WASHINGTON: For the first time Democratic presidential candidate Joe Biden took the lead in the key state of Georgia which carries 16 votes in the electoral college.
Former vice president ate away at President Donald Trump’s initial lead in the southern state and is now ahead by 917 votes. Trump had won Georgia by five percentage points in 2016, media reported.
The world’s attention has been focused on the states of Pennsylvania, Georgia and Nevada, where extremely tight races between the two presidential candidates have prevented the declaration of anyone as a winner yet.
Likewise in Pennsylvania, a key state with 20 electoral college votes, Trump’s early lead has been whittled down to a mere 0.3 points margin over Biden with many votes yet to be counted.
With his re-election chances fading as more and more votes are counted in a handful of battleground states, Trump launched an extraordinary assault on the country’s democratic process from the White House on Thursday, falsely claiming the election was being “stolen” from him.
Offering no evidence, Trump lambasted election workers and alleged fraud in the states where results from a dwindling set of uncounted votes are pushing Democrat Joe Biden nearer to victory.

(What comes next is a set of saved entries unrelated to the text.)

lemma gamma_aut_image_inversion_triple:
  assumes w: "w \<in> perms n" and aut: "gamma_aut n w \<phi>" and we: "\<phi> w = id"
    and ijk: "1 \<le> i" "i < j" "j < k" "k \<le> n" and dec: "w j < w i" "w k < w j"
  shows "\<exists>a b c. 1 \<le> a \<and> a < b \<and> b < c \<and> c \<le> n \<and> bruhat_le n (transpose a c) w \<and>
           \<phi> ` {w \<circ> transpose i j, w \<circ> transpose i k, w \<circ> transpose j k}
             = {transpose a b, transpose a c, transpose b c}"
proof -
  let ?I = "bruhat_interval n w"
  have coset: "w \<circ> \<sigma> \<in> ?I" if "\<sigma> permutes {i, j, k}" for \<sigma>
    using bruhat_le_comp_permutes_three[OF w ijk dec that] by (simp add: bruhat_interval_def)
  obtain a b c where abc: "1 \<le> a" "a < b" "b < c" "c \<le> n"
    and "\<phi> ` {w \<circ> transpose i j, w \<circ> transpose i k, w \<circ> transpose j k}
           = {\<phi> w \<circ> transpose a b, \<phi> w \<circ> transpose a c, \<phi> w \<circ> transpose b c}"
    by (rule gamma_aut_image_triangle[OF aut ijk coset])
  then have img: "\<phi> ` {w \<circ> transpose i j, w \<circ> transpose i k, w \<circ> transpose j k}
      = {transpose a b, transpose a c, transpose b c}"
    by (simp add: we)
  have "{w \<circ> transpose i j, w \<circ> transpose i k, w \<circ> transpose j k} \<subseteq> ?I"
    by (auto intro!: coset permutes_swap_id)
  then have "transpose a c \<in> \<phi> ` ?I"
    using img by blast
  also have "\<phi> ` ?I = ?I"
    using aut by (simp add: gamma_aut_def bij_betw_imp_surj_on)
  finally have "bruhat_le n (transpose a c) w"
    by (simp add: bruhat_interval_def)
  then show ?thesis
    using abc img by blast
qed

lemma gamma_aut_preimage_reflection_triple:
  assumes w: "w \<in> perms n" and aut: "gamma_aut n w \<phi>" and we: "\<phi> w = id"
    and abc: "1 \<le> a" "a < b" "b < c" "c \<le> n" and ac: "bruhat_le n (transpose a c) w"
  shows "\<exists>i j k. 1 \<le> i \<and> i < j \<and> j < k \<and> k \<le> n \<and> w i > w j \<and> w j > w k \<and>
           {x \<in> bruhat_interval n w. \<phi> x \<in> {transpose a b, transpose a c, transpose b c}}
             = {w \<circ> transpose i j, w \<circ> transpose i k, w \<circ> transpose j k}"
proof -
  let ?I = "bruhat_interval n w"
  let ?\<psi> = "inv_into ?I \<phi>"
  let ?T = "{transpose a b, transpose a c, transpose b c}"
  have bij: "bij_betw \<phi> ?I ?I"
    using aut by (simp add: gamma_aut_def)
  have "w \<in> ?I"
    using w by (simp add: bruhat_interval_def bruhat_le_refl)
  then have \<psi>_id: "?\<psi> id = w"
    using bij we by (metis bij_betw_imp_inj_on inv_into_f_f)
  have below: "\<sigma> \<in> ?I" if \<sigma>: "\<sigma> permutes {a, b, c}" for \<sigma>
  proof -
    have "transpose a c \<circ> \<sigma> permutes {a, b, c}"
      using \<sigma> by (intro permutes_compose permutes_swap_id) simp_all
    then have "bruhat_le n (transpose a c \<circ> (transpose a c \<circ> \<sigma>)) (transpose a c)"
      using abc by (intro bruhat_le_comp_permutes_three[OF bruhat_le_perms[OF ac]]) simp_all
    then have "bruhat_le n \<sigma> (transpose a c)"
      by (simp flip: comp_assoc)
    then show ?thesis
      using ac by (simp add: bruhat_interval_def bruhat_le_trans)
  qed
  then have coset: "id \<circ> \<sigma> \<in> ?I" if "\<sigma> permutes {a, b, c}" for \<sigma>
    using that by simp
  obtain i j k where ijk: "1 \<le> i" "i < j" "j < k" "k \<le> n"
    and "?\<psi> ` {id \<circ> transpose a b, id \<circ> transpose a c, id \<circ> transpose b c}
           = {?\<psi> id \<circ> transpose i j, ?\<psi> id \<circ> transpose i k, ?\<psi> id \<circ> transpose j k}"
    by (rule gamma_aut_image_triangle[OF gamma_aut_inv_into[OF aut] abc coset])
  then have img: "?\<psi> ` ?T = {w \<circ> transpose i j, w \<circ> transpose i k, w \<circ> transpose j k}"
    by (simp add: \<psi>_id)
  have "?T \<subseteq> ?I"
    using below by (simp add: permutes_swap_id)
  then have "{x \<in> ?I. \<phi> x \<in> ?T} = ?\<psi> ` ?T"
    by (rule bij_betw_preimage_eq_inv_into_image[OF bij])
  also note img
  finally have preimage: "{x \<in> ?I. \<phi> x \<in> ?T}
      = {w \<circ> transpose i j, w \<circ> transpose i k, w \<circ> transpose j k}" .
  then have "{w \<circ> transpose i j, w \<circ> transpose i k, w \<circ> transpose j k} \<subseteq> ?I"
    by blast
  then have "w j < w i" "w k < w j"
    using ijk by (auto simp: bruhat_interval_def bruhat_le_comp_transpose_iff[OF w])
  then show ?thesis
    by (intro exI[of _ i] exI[of _ j] exI[of _ k] conjI ijk preimage)
qed

theorem lemma4p2:
  fixes n :: nat and w :: "nat \<Rightarrow> nat" and \<phi> :: "(nat \<Rightarrow> nat) \<Rightarrow> (nat \<Rightarrow> nat)"
  assumes w: "w \<in> perms n"
    and aut: "gamma_aut n w \<phi>"
    and we: "\<phi> w = id"
  shows "(\<forall>i j k. 1 \<le> i \<and> i < j \<and> j < k \<and> k \<le> n \<and> w i > w j \<and> w j > w k \<longrightarrow>
            (\<exists>a b c. 1 \<le> a \<and> a < b \<and> b < c \<and> c \<le> n \<and> bruhat_le n (transpose a c) w \<and>
               \<phi> ` {w \<circ> transpose i j, w \<circ> transpose i k, w \<circ> transpose j k}
                 = {transpose a b, transpose a c, transpose b c}))
       \<and> (\<forall>a b c. 1 \<le> a \<and> a < b \<and> b < c \<and> c \<le> n \<and> bruhat_le n (transpose a c) w \<longrightarrow>
            (\<exists>i j k. 1 \<le> i \<and> i < j \<and> j < k \<and> k \<le> n \<and> w i > w j \<and> w j > w k \<and>
               {x \<in> bruhat_interval n w. \<phi> x \<in> {transpose a b, transpose a c, transpose b c}}
                 = {w \<circ> transpose i j, w \<circ> transpose i k, w \<circ> transpose j k}))"
proof (intro conjI allI impI, goal_cases)
  case (1 i j k)
  then show ?case
    by (elim conjE) (rule gamma_aut_image_inversion_triple[OF w aut, OF we])
next
  case (2 a b c)
  then show ?case
    by (elim conjE) (rule gamma_aut_preimage_reflection_triple[OF w aut, OF we])
qed

end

“This is a case where they’re trying to steal an election,” Trump said, who spoke for about 15 minutes in the White House briefing room before leaving without taking questions.
Biden, the former vice president, was steadily eating away the Republican incumbent’s leads in Pennsylvania and Georgia even as he maintained narrow advantages in Nevada and Arizona, moving closer to securing the 270 votes in the state-by-state Electoral College that determines the winner.
Biden would become the next president by winning Pennsylvania, or by winning either of Georgia or Nevada. Trump’s likeliest path appeared narrower — he needed to hang onto Pennsylvania and Georgia while overtaking Biden in either Nevada or Arizona.
Top US media networks gave Biden a 264 to 214 lead in Electoral College votes, which are largely determined by state population, after he captured the crucial states of Wisconsin and Michigan on Wednesday.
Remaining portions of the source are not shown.